• _What you are asked to do_: The answer must be every line of the records below that contains the word "expand", copied out.

Collected data entries
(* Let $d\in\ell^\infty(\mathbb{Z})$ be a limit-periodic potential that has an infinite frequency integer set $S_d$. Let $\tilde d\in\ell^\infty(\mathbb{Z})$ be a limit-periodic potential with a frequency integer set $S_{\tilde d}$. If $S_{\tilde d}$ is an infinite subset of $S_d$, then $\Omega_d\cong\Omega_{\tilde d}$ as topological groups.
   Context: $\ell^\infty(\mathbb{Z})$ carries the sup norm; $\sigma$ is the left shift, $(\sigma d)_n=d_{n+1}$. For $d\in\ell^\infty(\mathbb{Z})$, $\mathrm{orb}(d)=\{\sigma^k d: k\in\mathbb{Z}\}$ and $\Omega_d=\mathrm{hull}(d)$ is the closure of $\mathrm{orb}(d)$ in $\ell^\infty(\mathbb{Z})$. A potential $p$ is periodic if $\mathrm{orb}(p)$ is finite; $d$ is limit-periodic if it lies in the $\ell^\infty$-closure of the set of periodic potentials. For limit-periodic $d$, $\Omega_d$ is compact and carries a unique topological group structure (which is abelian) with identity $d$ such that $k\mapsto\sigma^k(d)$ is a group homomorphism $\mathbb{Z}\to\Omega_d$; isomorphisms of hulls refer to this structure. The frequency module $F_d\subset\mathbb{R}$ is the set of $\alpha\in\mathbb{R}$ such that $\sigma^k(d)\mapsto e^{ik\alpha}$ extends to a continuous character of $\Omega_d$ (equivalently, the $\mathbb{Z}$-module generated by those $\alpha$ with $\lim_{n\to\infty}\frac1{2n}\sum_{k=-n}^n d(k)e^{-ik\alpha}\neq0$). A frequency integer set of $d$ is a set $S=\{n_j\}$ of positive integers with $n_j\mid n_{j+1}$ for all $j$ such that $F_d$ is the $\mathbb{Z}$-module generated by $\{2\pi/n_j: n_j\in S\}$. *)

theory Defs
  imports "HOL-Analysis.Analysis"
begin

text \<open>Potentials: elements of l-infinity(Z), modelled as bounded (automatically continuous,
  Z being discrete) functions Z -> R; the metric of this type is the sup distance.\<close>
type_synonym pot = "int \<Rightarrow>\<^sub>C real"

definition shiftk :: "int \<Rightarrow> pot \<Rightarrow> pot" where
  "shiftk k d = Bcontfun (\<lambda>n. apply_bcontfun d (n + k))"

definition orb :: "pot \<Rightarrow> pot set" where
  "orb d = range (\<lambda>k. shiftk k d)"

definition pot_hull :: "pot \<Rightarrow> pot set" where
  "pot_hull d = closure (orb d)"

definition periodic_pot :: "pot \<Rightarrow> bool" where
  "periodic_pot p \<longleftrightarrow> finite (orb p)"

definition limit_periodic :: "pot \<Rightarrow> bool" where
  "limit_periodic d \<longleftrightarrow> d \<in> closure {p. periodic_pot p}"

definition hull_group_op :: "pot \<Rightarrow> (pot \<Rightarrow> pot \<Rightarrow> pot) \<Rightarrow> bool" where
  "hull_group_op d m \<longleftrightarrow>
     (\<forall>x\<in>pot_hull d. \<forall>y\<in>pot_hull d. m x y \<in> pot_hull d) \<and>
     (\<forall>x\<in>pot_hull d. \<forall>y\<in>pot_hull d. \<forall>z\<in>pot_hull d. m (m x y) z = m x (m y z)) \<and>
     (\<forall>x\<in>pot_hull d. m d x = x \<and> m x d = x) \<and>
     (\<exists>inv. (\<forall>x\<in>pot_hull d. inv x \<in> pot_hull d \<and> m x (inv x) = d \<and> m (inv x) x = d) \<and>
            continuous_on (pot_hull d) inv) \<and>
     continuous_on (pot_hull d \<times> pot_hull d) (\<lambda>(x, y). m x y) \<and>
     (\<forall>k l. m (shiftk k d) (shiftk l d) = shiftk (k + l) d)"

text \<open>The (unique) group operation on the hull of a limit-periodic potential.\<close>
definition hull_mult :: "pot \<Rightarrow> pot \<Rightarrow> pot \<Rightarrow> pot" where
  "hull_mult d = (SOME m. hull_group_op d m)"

==

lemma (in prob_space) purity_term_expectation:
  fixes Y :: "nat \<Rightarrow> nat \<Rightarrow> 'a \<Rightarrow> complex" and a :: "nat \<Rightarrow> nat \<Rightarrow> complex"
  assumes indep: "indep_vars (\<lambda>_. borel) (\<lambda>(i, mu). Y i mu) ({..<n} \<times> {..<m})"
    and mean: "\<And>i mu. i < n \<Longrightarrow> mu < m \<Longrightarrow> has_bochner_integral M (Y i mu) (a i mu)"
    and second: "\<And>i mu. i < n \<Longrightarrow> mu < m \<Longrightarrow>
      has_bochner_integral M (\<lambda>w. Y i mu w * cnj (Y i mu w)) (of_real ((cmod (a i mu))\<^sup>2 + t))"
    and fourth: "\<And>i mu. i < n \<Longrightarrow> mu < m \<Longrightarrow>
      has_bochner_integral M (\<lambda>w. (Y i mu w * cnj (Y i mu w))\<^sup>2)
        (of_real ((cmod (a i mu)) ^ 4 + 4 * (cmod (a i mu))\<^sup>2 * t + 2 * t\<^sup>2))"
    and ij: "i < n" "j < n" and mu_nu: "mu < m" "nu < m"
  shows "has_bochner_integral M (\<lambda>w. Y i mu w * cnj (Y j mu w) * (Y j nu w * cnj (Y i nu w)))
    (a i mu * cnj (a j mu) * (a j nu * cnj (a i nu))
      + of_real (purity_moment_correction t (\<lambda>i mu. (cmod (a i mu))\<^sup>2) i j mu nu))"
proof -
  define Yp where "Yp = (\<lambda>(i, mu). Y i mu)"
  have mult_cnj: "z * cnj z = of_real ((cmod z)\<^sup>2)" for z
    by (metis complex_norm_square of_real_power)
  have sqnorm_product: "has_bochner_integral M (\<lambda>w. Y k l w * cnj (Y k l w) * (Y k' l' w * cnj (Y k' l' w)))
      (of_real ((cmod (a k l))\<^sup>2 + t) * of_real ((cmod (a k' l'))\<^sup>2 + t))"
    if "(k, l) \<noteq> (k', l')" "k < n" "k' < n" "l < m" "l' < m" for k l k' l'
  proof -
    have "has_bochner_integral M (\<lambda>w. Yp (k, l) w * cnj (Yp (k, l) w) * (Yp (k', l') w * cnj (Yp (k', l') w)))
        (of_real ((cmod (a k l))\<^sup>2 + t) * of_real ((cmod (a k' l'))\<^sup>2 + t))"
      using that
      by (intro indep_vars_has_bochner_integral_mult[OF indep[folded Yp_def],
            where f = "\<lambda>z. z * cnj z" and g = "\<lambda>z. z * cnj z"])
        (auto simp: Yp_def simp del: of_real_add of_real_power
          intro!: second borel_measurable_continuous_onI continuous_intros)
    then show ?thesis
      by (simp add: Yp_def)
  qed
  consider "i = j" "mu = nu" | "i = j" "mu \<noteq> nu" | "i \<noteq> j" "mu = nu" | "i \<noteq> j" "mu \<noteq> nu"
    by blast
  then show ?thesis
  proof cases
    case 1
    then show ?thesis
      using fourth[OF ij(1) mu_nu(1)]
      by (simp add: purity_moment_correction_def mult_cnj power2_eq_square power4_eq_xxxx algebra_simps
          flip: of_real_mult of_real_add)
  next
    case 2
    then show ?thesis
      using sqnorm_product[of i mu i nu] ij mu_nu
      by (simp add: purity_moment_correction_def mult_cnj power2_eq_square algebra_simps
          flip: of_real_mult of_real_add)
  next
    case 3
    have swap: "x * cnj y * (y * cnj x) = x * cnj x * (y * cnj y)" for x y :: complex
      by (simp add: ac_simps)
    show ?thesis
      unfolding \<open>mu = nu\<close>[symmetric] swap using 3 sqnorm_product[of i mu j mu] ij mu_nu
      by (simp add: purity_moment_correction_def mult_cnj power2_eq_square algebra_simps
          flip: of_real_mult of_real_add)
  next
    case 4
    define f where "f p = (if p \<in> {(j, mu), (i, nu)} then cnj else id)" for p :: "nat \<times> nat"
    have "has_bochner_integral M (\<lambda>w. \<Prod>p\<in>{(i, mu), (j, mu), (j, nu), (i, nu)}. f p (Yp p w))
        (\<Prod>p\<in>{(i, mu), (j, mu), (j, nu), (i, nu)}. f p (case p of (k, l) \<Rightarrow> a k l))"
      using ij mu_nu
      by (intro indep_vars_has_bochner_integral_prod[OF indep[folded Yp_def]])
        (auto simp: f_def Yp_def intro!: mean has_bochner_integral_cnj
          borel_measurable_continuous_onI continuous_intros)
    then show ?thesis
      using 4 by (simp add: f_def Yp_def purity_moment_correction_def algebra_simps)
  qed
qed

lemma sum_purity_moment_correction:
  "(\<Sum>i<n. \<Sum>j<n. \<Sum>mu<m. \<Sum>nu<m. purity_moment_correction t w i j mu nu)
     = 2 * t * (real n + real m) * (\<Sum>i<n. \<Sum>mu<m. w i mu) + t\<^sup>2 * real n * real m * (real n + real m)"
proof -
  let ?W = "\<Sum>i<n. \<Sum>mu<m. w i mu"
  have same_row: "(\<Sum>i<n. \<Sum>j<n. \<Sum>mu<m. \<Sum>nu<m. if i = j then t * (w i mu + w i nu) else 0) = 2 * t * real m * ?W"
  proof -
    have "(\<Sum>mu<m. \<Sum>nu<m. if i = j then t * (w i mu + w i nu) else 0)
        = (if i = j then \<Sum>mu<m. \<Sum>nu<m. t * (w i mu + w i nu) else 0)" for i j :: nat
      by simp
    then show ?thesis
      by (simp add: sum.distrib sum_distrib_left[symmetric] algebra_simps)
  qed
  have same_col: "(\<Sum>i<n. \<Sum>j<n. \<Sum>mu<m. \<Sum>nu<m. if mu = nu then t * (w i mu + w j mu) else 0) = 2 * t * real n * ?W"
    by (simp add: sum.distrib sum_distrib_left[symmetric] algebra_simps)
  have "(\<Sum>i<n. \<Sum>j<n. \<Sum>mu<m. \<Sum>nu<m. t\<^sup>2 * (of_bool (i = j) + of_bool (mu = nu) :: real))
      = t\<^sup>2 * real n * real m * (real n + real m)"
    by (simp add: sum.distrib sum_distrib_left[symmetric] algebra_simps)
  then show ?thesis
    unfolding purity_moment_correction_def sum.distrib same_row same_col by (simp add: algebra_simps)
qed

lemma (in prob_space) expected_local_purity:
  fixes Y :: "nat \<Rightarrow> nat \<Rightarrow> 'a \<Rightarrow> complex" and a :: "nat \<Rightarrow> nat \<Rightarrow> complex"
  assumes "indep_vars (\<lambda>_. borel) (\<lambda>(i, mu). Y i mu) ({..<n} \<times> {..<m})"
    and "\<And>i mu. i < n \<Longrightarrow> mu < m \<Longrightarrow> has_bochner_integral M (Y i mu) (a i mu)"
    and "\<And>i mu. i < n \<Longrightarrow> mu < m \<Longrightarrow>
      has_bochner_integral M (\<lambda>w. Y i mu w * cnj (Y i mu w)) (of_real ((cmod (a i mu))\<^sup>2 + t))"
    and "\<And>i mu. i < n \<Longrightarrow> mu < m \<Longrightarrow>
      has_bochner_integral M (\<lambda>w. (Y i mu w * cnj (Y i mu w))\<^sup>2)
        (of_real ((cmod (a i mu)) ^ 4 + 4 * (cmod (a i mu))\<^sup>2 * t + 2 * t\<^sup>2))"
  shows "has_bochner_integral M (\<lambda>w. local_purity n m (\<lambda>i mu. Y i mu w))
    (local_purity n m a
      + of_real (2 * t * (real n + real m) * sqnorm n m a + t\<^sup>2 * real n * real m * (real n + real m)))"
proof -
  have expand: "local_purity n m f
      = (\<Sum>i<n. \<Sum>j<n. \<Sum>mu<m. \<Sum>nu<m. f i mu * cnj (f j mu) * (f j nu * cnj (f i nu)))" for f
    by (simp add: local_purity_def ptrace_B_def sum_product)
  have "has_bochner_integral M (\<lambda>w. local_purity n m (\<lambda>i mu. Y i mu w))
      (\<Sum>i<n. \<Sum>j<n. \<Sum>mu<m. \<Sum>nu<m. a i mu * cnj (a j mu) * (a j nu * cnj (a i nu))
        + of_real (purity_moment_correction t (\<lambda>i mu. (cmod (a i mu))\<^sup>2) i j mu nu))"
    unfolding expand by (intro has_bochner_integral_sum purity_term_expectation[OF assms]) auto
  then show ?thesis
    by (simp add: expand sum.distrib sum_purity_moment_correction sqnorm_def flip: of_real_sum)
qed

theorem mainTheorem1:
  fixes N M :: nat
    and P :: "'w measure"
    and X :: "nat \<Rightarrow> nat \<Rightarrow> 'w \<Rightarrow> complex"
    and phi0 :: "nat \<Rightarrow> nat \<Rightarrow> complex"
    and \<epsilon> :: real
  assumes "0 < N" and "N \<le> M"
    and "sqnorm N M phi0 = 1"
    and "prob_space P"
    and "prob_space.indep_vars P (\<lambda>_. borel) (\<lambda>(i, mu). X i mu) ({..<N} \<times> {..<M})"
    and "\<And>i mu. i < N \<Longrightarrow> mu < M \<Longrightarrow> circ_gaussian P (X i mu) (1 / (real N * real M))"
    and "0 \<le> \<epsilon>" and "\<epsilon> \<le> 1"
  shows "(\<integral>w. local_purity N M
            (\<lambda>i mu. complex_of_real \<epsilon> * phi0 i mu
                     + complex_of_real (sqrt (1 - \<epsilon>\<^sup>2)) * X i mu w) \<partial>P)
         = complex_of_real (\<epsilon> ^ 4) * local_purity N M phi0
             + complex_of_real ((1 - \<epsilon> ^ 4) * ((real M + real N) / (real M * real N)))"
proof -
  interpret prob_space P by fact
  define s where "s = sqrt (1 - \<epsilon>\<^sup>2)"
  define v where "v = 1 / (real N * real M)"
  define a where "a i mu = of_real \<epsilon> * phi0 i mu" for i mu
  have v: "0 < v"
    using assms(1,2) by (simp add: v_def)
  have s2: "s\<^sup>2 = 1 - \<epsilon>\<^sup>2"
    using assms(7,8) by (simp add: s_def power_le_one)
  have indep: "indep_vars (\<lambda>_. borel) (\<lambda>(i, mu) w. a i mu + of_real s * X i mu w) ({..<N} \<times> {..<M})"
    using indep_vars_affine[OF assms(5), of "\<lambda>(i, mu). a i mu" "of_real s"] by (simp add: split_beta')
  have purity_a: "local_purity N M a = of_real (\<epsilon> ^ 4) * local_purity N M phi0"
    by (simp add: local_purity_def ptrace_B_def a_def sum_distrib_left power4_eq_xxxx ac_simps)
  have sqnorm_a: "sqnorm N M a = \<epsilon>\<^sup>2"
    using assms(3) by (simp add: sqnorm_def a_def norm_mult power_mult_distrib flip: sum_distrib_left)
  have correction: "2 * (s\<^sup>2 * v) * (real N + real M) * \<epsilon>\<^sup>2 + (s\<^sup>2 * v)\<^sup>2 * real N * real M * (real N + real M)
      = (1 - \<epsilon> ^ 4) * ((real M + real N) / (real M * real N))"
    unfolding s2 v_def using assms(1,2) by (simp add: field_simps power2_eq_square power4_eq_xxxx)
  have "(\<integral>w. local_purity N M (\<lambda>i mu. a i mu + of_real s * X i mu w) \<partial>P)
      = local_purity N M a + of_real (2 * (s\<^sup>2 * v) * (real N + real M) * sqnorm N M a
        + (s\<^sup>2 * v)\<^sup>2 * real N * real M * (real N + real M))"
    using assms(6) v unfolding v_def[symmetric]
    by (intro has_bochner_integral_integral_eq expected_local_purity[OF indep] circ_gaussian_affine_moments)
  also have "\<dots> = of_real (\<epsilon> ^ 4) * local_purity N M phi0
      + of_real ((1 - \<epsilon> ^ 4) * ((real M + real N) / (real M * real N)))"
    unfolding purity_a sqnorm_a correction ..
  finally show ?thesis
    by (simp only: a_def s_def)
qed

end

--

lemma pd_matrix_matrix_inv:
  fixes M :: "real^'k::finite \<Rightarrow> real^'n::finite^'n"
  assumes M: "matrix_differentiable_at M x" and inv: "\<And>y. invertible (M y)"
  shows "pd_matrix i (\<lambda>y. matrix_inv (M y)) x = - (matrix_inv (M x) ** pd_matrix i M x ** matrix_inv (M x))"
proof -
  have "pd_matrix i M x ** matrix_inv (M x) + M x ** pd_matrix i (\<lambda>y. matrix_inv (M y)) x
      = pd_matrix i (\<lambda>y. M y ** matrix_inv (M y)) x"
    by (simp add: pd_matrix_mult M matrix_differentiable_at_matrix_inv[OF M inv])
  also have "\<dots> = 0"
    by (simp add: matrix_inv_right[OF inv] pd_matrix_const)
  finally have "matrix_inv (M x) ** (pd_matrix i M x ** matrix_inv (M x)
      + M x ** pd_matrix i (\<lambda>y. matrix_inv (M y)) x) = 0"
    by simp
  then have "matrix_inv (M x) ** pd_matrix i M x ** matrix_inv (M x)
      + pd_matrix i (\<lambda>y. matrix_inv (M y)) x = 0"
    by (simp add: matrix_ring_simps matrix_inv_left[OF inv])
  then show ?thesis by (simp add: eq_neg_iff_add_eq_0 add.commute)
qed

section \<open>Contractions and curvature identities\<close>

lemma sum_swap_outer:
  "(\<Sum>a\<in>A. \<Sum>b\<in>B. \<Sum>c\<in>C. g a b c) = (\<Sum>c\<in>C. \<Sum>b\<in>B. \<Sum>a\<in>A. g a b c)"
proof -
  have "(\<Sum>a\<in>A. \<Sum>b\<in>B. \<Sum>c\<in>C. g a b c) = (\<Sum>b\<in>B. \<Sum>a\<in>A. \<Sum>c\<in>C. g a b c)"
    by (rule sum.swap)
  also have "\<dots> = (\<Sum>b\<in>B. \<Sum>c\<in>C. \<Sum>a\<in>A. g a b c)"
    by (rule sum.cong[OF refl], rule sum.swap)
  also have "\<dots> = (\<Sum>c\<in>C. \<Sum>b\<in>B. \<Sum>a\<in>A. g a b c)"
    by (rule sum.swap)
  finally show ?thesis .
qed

• _Task output_:
  have expand: "local_purity n m f
    unfolding expand by (intro has_bochner_integral_sum purity_term_expectation[OF assms]) auto
    by (simp add: expand sum.distrib sum_purity_moment_correction sqnorm_def flip: of_real_sum)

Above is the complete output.